Step 2: Map your structure. Document your new folder layout and naming rules before you move anything. This is your chance to fix the mess that built up over years of SharePoint use.
Step 3: Run both systems in parallel. Migrate content in phases. Start with files your team uses every day. Keep the old system available for reference during the switch.
Step 4: Train power users first. Pick two or three people per team. Train them on the new tool. Let them help colleagues. This peer support works better than formal training sessions.
Step 5: Set a cutoff date. Pick a firm date to turn off the old system. Without a deadline, teams will run both systems forever. That doubles the confusion instead of fixing it.
Do not try to recreate SharePoint in your new tool. The whole point of switching is to do things better. Design workflows that match how your team actually works today.
Build Your Knowledge Base with SupportBee
If your main reason for using SharePoint was building internal docs or customer-facing help content, SupportBee's knowledge base is a purpose-built alternative. Create articles with a simple editor. Publish to a branded help center. Link to knowledge base articles while handling support tickets in your shared inbox.
No IT setup needed. No complex permission structures. Your team can start publishing in minutes.
Pricing: Starting at $17/user/month - includes shared inbox, knowledge base, and customer portal.
Start your free 14-day trial of SupportBee today.
Frequently Asked Questions
Is SharePoint still worth using?
SharePoint works well for large enterprises with dedicated IT teams and strict compliance needs. For small and mid-sized teams, the admin overhead and learning curve often outweigh the benefits. If your team avoids SharePoint or relies on workarounds like email attachments and personal cloud storage, a modern alternative will serve you better.
Can I migrate from SharePoint to Google Workspace?
Yes. Google offers migration tools that transfer files from SharePoint to Google Drive. The process preserves folder structures and permissions. Migrate in phases. Start with files your team uses most. Run both systems in parallel. Set a firm cutoff date for the old system.

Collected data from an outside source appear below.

lemma mdet_cong: "(\<And>i j. i < p \<Longrightarrow> j < p \<Longrightarrow> A i j = B i j) \<Longrightarrow> mdet p A = mdet p B"
  unfolding mdet_def
  by (intro sum.cong refl arg_cong2[where f="(*)"] prod.cong) (auto, metis lessThan_iff permutes_in_image)

lemma posdef_cong:
  assumes "\<And>i j. i < p \<Longrightarrow> j < p \<Longrightarrow> A i j = B i j"
  shows "posdef p A = posdef p B"
proof -
  have "(\<Sum>i<p. \<Sum>j<p. v i * A i j * v j) = (\<Sum>i<p. \<Sum>j<p. v i * B i j * v j)" for v
    using assms by (intro sum.cong refl) auto
  then show ?thesis unfolding posdef_def by simp
qed

lemma mdet_schur:
  fixes A :: "nat \<Rightarrow> nat \<Rightarrow> real"
  assumes a: "A p p \<noteq> 0"
  shows "mdet (Suc p) A = A p p * mdet p (\<lambda>i j. A i j - A i p * A p j / A p p)"
proof -
  define n where "n = Suc p"
  define E :: "real Matrix.mat" where
    "E = Matrix.mat n n (\<lambda>(i,j). if i = j then 1 else if j = p then - A i p / A p p else 0)"
  have Ec: "E \<in> carrier_mat n n" by (simp add: E_def)
  have ut: "upper_triangular E" unfolding upper_triangular_def E_def n_def by auto
  have "diag_mat E = map (\<lambda>_. 1) [0..<n]"
    unfolding diag_mat_def E_def by (intro map_cong) auto
  moreover have "prod_list (map (\<lambda>_. 1::real) xs) = 1" for xs :: "nat list" by (induct xs) auto
  ultimately have dE: "Determinant.det E = 1"
    using det_upper_triangular[OF ut Ec] by simp
  define C where "C = E * to_mat n A"
  have Cc: "C \<in> carrier_mat n n" unfolding C_def using Ec by auto
  have dC: "Determinant.det C = mdet n A"
    unfolding C_def mdet_det by (simp add: det_mult[OF Ec to_mat_carrier] dE)
  have Cij: "C $$ (i,j) = (if i < p then A i j - A i p / A p p * A p j else A p j)"
    if "i < n" "j < n" for i j
  proof -
    have "C $$ (i,j) = (\<Sum>k<Suc p. E $$ (i,k) * A k j)"
      using that Ec unfolding C_def
      by (simp add: scalar_prod_def n_def atLeast0LessThan to_mat_def)
    also have "\<dots> = (\<Sum>k<p. E $$ (i,k) * A k j) + E $$ (i,p) * A p j" by simp
    also have "(\<Sum>k<p. E $$ (i,k) * A k j) = (\<Sum>k<p. if k = i then A i j else 0)"
      using that by (intro sum.cong refl) (auto simp: E_def n_def)
    also have "E $$ (i,p) = (if i = p then 1 else - A i p / A p p)"
      using that by (auto simp: E_def n_def)
    finally show ?thesis using that by (auto simp: n_def)
  qed
  have "Determinant.det C = (\<Sum>i<n. C $$ (i,p) * cofactor C i p)"
    by (rule laplace_expansion_column[OF Cc]) (simp add: n_def)
  also have "\<dots> = (\<Sum>i<n. if i = p then A p p * cofactor C p p else 0)"
    using a by (intro sum.cong refl) (auto simp: Cij n_def)
  also have "\<dots> = A p p * cofactor C p p" by (simp add: n_def)
  also have "mat_delete C p p = to_mat p (\<lambda>i j. A i j - A i p * A p j / A p p)"
    using Cc by (intro eq_matI) (auto simp: mat_delete_def to_mat_def Cij n_def)
  then have "cofactor C p p = mdet p (\<lambda>i j. A i j - A i p * A p j / A p p)"
    by (simp add: cofactor_def mdet_det)
  finally show ?thesis using dC by (simp add: n_def)
qed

What is the best SharePoint alternative for a knowledge base?
For customer-facing knowledge bases, SupportBee offers a simple editor, branded help center, and direct integration with support tickets. For internal wikis and technical docs, Confluence is the top choice. Its wiki-style editing and Jira integration make it popular with development teams.
What is replacing Microsoft SharePoint?
No single tool replaces everything SharePoint does. Teams pick alternatives based on their main use case. Google Workspace and Notion handle document collaboration. Happeo and Simpplr replace the intranet features. Nextcloud covers self-hosted file storage. Box handles secure external sharing. Most teams that leave SharePoint split its functions across two or three focused tools rather than looking for one monolithic replacement.
Is SharePoint going away in 2026?
SharePoint Online is not going away. Microsoft keeps investing in it as part of Microsoft 365. But SharePoint 2013 workflows will reach end of life in July 2026. Teams still on those old workflows need to move to Power Automate or another tool. If you use SharePoint Online with modern features, Microsoft has no plans to shut it down.